Stored data entries:
:::

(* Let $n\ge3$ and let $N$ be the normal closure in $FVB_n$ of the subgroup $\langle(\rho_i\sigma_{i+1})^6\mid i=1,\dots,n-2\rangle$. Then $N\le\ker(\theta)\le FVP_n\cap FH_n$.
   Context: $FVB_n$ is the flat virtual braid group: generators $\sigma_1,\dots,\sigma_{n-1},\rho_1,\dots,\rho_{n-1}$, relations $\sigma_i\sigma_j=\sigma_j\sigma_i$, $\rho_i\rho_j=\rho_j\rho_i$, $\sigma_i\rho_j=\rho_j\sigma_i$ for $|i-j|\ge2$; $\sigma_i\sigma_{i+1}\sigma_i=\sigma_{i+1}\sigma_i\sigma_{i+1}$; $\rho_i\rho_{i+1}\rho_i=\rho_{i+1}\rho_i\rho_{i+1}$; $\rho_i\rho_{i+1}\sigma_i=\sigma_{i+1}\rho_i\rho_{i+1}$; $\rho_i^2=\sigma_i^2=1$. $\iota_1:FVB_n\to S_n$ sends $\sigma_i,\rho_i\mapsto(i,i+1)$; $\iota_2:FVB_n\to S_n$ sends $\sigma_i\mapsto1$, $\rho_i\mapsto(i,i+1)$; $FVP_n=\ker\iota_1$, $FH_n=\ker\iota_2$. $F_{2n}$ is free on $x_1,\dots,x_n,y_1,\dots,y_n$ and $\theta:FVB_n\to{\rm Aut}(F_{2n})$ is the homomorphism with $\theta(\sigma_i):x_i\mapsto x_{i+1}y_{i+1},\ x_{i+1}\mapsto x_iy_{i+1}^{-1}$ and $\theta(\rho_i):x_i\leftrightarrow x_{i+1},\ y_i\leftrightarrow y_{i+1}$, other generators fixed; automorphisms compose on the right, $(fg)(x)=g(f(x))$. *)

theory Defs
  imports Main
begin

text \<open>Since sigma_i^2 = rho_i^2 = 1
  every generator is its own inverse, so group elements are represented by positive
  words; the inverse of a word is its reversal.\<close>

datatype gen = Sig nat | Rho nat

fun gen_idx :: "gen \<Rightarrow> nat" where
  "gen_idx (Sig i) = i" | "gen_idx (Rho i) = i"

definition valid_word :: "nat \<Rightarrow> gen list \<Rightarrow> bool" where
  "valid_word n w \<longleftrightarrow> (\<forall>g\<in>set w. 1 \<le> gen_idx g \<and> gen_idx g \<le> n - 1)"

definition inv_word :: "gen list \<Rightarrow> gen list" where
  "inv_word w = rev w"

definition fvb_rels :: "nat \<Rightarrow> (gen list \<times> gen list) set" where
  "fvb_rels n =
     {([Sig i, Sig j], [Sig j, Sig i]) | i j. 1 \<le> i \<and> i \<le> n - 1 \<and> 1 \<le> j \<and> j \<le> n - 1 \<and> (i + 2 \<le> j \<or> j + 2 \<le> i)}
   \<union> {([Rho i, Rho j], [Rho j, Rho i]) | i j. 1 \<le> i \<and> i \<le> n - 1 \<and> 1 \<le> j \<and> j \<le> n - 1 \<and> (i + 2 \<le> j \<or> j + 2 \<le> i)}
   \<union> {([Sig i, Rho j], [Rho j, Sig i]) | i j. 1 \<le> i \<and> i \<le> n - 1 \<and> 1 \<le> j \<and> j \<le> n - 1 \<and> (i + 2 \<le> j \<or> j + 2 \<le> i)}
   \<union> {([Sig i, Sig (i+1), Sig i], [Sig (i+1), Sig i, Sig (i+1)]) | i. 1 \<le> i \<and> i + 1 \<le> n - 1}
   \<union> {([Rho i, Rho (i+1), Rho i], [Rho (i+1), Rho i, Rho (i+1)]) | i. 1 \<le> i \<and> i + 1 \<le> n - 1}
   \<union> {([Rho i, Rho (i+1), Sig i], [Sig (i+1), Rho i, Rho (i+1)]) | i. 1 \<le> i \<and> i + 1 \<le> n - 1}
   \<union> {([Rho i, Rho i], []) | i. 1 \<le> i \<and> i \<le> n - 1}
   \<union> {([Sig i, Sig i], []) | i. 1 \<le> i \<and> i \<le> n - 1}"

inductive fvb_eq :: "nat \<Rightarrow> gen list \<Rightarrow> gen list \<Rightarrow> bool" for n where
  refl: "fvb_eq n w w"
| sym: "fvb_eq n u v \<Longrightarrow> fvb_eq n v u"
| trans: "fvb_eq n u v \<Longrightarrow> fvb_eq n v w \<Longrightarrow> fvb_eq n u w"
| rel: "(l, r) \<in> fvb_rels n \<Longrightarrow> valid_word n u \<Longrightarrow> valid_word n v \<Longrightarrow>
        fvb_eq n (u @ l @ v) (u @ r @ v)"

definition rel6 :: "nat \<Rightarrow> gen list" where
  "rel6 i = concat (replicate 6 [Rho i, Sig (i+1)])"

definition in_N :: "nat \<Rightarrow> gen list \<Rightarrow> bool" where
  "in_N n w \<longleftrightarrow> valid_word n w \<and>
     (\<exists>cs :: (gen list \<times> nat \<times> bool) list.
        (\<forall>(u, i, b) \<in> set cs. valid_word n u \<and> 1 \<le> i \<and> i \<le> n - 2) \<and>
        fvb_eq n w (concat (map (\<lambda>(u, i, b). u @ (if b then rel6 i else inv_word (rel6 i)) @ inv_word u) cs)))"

:::

Keeping every character as it is, restate the lines above that run from the line with "Sig j], [Sig" through the line with "(\<forall>(u, i, b)", both included, and nothing else.

■ TASK ANSWER
     {([Sig i, Sig j], [Sig j, Sig i]) | i j. 1 \<le> i \<and> i \<le> n - 1 \<and> 1 \<le> j \<and> j \<le> n - 1 \<and> (i + 2 \<le> j \<or> j + 2 \<le> i)}
   \<union> {([Rho i, Rho j], [Rho j, Rho i]) | i j. 1 \<le> i \<and> i \<le> n - 1 \<and> 1 \<le> j \<and> j \<le> n - 1 \<and> (i + 2 \<le> j \<or> j + 2 \<le> i)}
   \<union> {([Sig i, Rho j], [Rho j, Sig i]) | i j. 1 \<le> i \<and> i \<le> n - 1 \<and> 1 \<le> j \<and> j \<le> n - 1 \<and> (i + 2 \<le> j \<or> j + 2 \<le> i)}
   \<union> {([Sig i, Sig (i+1), Sig i], [Sig (i+1), Sig i, Sig (i+1)]) | i. 1 \<le> i \<and> i + 1 \<le> n - 1}
   \<union> {([Rho i, Rho (i+1), Rho i], [Rho (i+1), Rho i, Rho (i+1)]) | i. 1 \<le> i \<and> i + 1 \<le> n - 1}
   \<union> {([Rho i, Rho (i+1), Sig i], [Sig (i+1), Rho i, Rho (i+1)]) | i. 1 \<le> i \<and> i + 1 \<le> n - 1}
   \<union> {([Rho i, Rho i], []) | i. 1 \<le> i \<and> i \<le> n - 1}
   \<union> {([Sig i, Sig i], []) | i. 1 \<le> i \<and> i \<le> n - 1}"

inductive fvb_eq :: "nat \<Rightarrow> gen list \<Rightarrow> gen list \<Rightarrow> bool" for n where
  refl: "fvb_eq n w w"
| sym: "fvb_eq n u v \<Longrightarrow> fvb_eq n v u"
| trans: "fvb_eq n u v \<Longrightarrow> fvb_eq n v w \<Longrightarrow> fvb_eq n u w"
| rel: "(l, r) \<in> fvb_rels n \<Longrightarrow> valid_word n u \<Longrightarrow> valid_word n v \<Longrightarrow>
        fvb_eq n (u @ l @ v) (u @ r @ v)"

definition rel6 :: "nat \<Rightarrow> gen list" where
  "rel6 i = concat (replicate 6 [Rho i, Sig (i+1)])"

definition in_N :: "nat \<Rightarrow> gen list \<Rightarrow> bool" where
  "in_N n w \<longleftrightarrow> valid_word n w \<and>
     (\<exists>cs :: (gen list \<times> nat \<times> bool) list.
        (\<forall>(u, i, b) \<in> set cs. valid_word n u \<and> 1 \<le> i \<and> i \<le> n - 2) \<and>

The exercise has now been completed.